Lots of Courtyards – and Sultans – Over Four Centuries
Known at the time of construction as “The Palace of Felicity” to the Ottomans, the layout was unique in many of its aspects. Daily royal life was strictly prescribed by customs, religious practices, and ceremonies, and it required isolation from the rest of the world.
This was achieved by a series of inner courtyards, secret passages, grilled windows that allowed both privacy and eavesdropping, and plenty of guarded entrances to areas like the harem. Each sultan added on to the original structures, putting in additional living quarters, gateways, and other personal modifications. Whether the ensuing paranoia and madness that future sultans were subject to were the cause of the result of the ever-increasing seclusion is subject to debate. After 4 centuries and 25 sultans, the Palace became a museum in 1924.
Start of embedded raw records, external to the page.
lemma detour_first_step:
  assumes n: "1 \<le> n" and m: "7 \<le> m" and E: "left_step p q \<or> right_step m p q" and e: "\<epsilon> = 1 \<or> \<epsilon> = -1"
    and s: "even s"
    and p': "p' = iota (sigma_pow m n s (detour n p q \<epsilon> ! 0))"
    and q': "q' = iota (sigma_pow m n s (detour n p q \<epsilon> ! 1))"
  shows "(left_step p q \<longrightarrow> left_step p' q') \<and> (right_step m p q \<longrightarrow> right_step (m + 4) p' q') \<and>
         step_dir p' q' = - step_dir p q \<and> (even (snd p') \<longleftrightarrow> odd (snd p))"
proof -
  have L2: "2 \<le> detour_len n" using detour_len_ge_2[OF n] .
  have z0: "detour n p q \<epsilon> ! 0 = (fst p + band_offset p q, snd p + \<epsilon>)"
    using nth_detour[of 0 n] L2 by simp
  have z1: "detour n p q \<epsilon> ! 1 = (fst q + band_offset p q, snd p + \<epsilon> + 2 * step_dir p q)"
    using nth_detour[of 1 n] L2 by simp
  have P: "p' = (fst p + band_offset p q + 2, snd p + \<epsilon> + s * int n)"
    unfolding p' z0 using sigma_pow_even[OF s] by (simp add: iota_def)
  have Q: "q' = (fst q + band_offset p q + 2, snd p + \<epsilon> + 2 * step_dir p q + s * int n)"
    unfolding q' z1 using sigma_pow_even[OF s] by (simp add: iota_def)
  have dd: "step_dir p' q' = - step_dir p q"
    using step_dir_cases[of p q] unfolding P Q step_dir_def by auto
  have ev: "even (s * int n)" using s by simp
  have par: "even (snd p') \<longleftrightarrow> odd (snd p)"
    using e ev unfolding P by auto
  have l: "left_step p q \<longrightarrow> left_step p' q'"
  proof
    assume L: "left_step p q"
    have "band_offset p q = -2" using left_stepD(1)[OF L] .
    then show "left_step p' q'" using L step_dir_cases[of p q] unfolding left_step_def P Q by auto
  qed
  have r: "right_step m p q \<longrightarrow> right_step (m + 4) p' q'"
  proof
    assume R: "right_step m p q"
    have "band_offset p q = 2" using right_stepD(1)[OF R m] .
    then show "right_step (m + 4) p' q'" using R step_dir_cases[of p q] unfolding right_step_def P Q
      by (auto simp: doubleton_eq_iff)
  qed
  show ?thesis using l r dd par by blast
qed

lemma detour_class_eq_if_orbit_rep_eq:
  assumes n: "1 \<le> n" and m: "7 \<le> m"
    and E: "left_step p q \<or> right_step m p q" and E': "left_step p' q' \<or> right_step m p' q'"
    and z: "z \<in> set (detour n p q \<epsilon>)" and z': "z' \<in> set (detour n p' q' \<epsilon>')"
    and eq: "orbit_rep m n z = orbit_rep m n z'"
  shows "detour_class m n p q \<epsilon> = detour_class m n p' q' \<epsilon>'"
proof -
  have "band_coords m n z = band_coords m n z'"
    using eq orbit_rep_eq_iff_band_coords_eq[OF n _ in_band_detour[OF m E z]] m
    by simp
  then have "band_class m n z = band_class m n z'"
    by (simp add: band_class_def)
  then show ?thesis
    using band_class_detour[OF m E z] band_class_detour[OF m E' z'] by simp
qed

section \<open>Inserting a full set of detours\<close>

definition detour_signs :: "nat \<Rightarrow> nat \<Rightarrow> vtx list \<Rightarrow> nat list \<Rightarrow> (nat \<Rightarrow> int) \<Rightarrow> bool" where
  "detour_signs m n u I eps \<longleftrightarrow>
     (\<forall>i\<in>set I. eps i = 1 \<or> eps i = -1) \<and>
     (\<forall>i\<in>set I. \<forall>j\<in>set I. detour_class m n (u!i) (u!Suc i) (eps i)
                            = detour_class m n (u!j) (u!Suc j) (eps j) \<longrightarrow> i = j) \<and>
     (\<forall>v. in_band m v \<longrightarrow> (\<exists>i\<in>set I. band_class m n v = detour_class m n (u!i) (u!Suc i) (eps i)))"

locale detour_insertion =
  fixes n K m :: nat and c :: int and w u :: "vtx list" and I :: "nat list" and eps :: "nat \<Rightarrow> int"
  assumes n_pos: "1 \<le> n" and K_ge: "3 \<le> K" and ham: "ham_lift K n c w"
    and m_eq: "m = K + 4" and u_eq: "u = map iota w"
    and distinct_I: "distinct I"
    and side_steps: "\<forall>i\<in>set I. Suc i < length u \<and> (left_step (u!i) (u!Suc i) \<or> right_step m (u!i) (u!Suc i))"
    and signs: "detour_signs m n u I eps"
    and balanced: "sum_list (map (\<lambda>i. step_dir (u!i) (u!Suc i)) I) = 0"
begin
definition smooth_const :: "(real^'a \<Rightarrow> real) \<Rightarrow> (real^'a \<Rightarrow> real^'a) \<Rightarrow> real^'a^'a \<Rightarrow> real" where
  "smooth_const g G M = Inf {L. \<forall>x y. bregman g G y x \<le> L/2 * normsq M (x - y)}"

definition lip_const :: "(real^'a \<Rightarrow> real^'a) \<Rightarrow> real^'a^'a \<Rightarrow> real" where
  "lip_const F M = Inf {L. 0 \<le> L \<and> (\<forall>x y. sqrt (normsq M (F x - F y)) \<le> L * sqrt (normsq M (x - y)))}"

definition lambda_max :: "real^'a^'a \<Rightarrow> real" where
  "lambda_max A = Max {c. \<exists>v. v \<noteq> 0 \<and> A *v v = c *\<^sub>R v}"

definition hB :: "(real^'n \<Rightarrow> real) \<Rightarrow> real^'m^'n \<Rightarrow> real^'m^'m \<Rightarrow> real^'n \<Rightarrow> real" where
  "hB h B IV q = h q + 1/2 * (((B ** matrix_inv IV ** transpose B) *v q) \<bullet> q)"

definition ghB :: "(real^'n \<Rightarrow> real^'n) \<Rightarrow> real^'m^'n \<Rightarrow> real^'m^'m \<Rightarrow> real^'n \<Rightarrow> real^'n" where
  "ghB gh B IV q = gh q + (B ** matrix_inv IV ** transpose B) *v q"

definition eop :: "(real^'m \<Rightarrow> real^'m) \<Rightarrow> real^'m^'m \<Rightarrow> real^'m \<Rightarrow> real^'m" where
  "eop gf IV v = v - matrix_inv IV *v gf v"

end

theory Submission
  imports Defs
begin

text \<open>
  Write d_u = u_{k+1} - u^*, d_p = p_{k+1} - p^* and E_k = E(u_k, p_k). By the identity
  1/2 |a - s|^2 - 1/2 |b - s|^2 = (a - b, a - s) - 1/2 |a - b|^2, the update equations and the
  saddle point equations turn E_{k+1} - E_k into \<alpha>_k times inner products against d_u and d_p,
  minus 1/2 |u_{k+1} - u_k|^2 + 1/2 |p_{k+1} - p_k|^2. The terms evaluated at the new iterate
  are dissipative: strong convexity and cocoercivity of \<nabla>f, together with strong convexity of
  h_B (which is where the full rank of B enters), bound them by
  -\<mu>_V/4 |d_u|^2 - \<mu>_Q/2 |d_p|^2, and Young's inequality moves the residual of the inexact
  u-solve into \<epsilon>_k/\<mu>_V. The explicit treatment of \<nabla>h_B and of e(u) leaves cross terms of
  size L_{h_B} |p_{k+1} - p_k| |d_p| + L_e L_S |u_{k+1} - u_k| |d_p|; they are absorbed by
  the squared step lengths at the price \<alpha>_k^2 L_{S,Q}^2 |d_p|^2, whence the step size
  restriction. Iterating the resulting contraction for a constant step gives the geometric bound.
\<close>

section \<open>Norms induced by symmetric positive definite matrices\<close>

lemma inner_matrix_vector_transpose:
  fixes A :: "real^'m^'n"
  shows "(A *v x) \<bullet> y = x \<bullet> (transpose A *v y)"
  by (simp add: dot_lmul_matrix[symmetric] inner_commute)

lemma symmetric_matrix_inner_commute:
  fixes M :: "real^'n^'n"
  assumes "transpose M = M"
  shows "(M *v x) \<bullet> y = x \<bullet> (M *v y)"
  using inner_matrix_vector_transpose[of M x y] assms by simp

lemma SPD_symmetric: "SPD M \<Longrightarrow> transpose M = M"
  by (simp add: SPD_def)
Start With the First Courtyard
Visiting Topkapi Palace today, tourists enter through the original Imperial Gate, originally for only the royal use. Recovered in the 19th-century with marble. Gilded Ottoman calligraphy can be seen at the top, with verses from the Qur’an and tughras (royal seals) of the sultans.
Entering the First Courtyard, visitors see a large open area that once functioned as a park. Today, it is the location of the Imperial Mint building, as well as Hagia Irene Greek Eastern Orthodox church One of the few churches in Istanbul that has not been converted into a mosque, as it was used as an arsenal for storing weapons until the 19th century.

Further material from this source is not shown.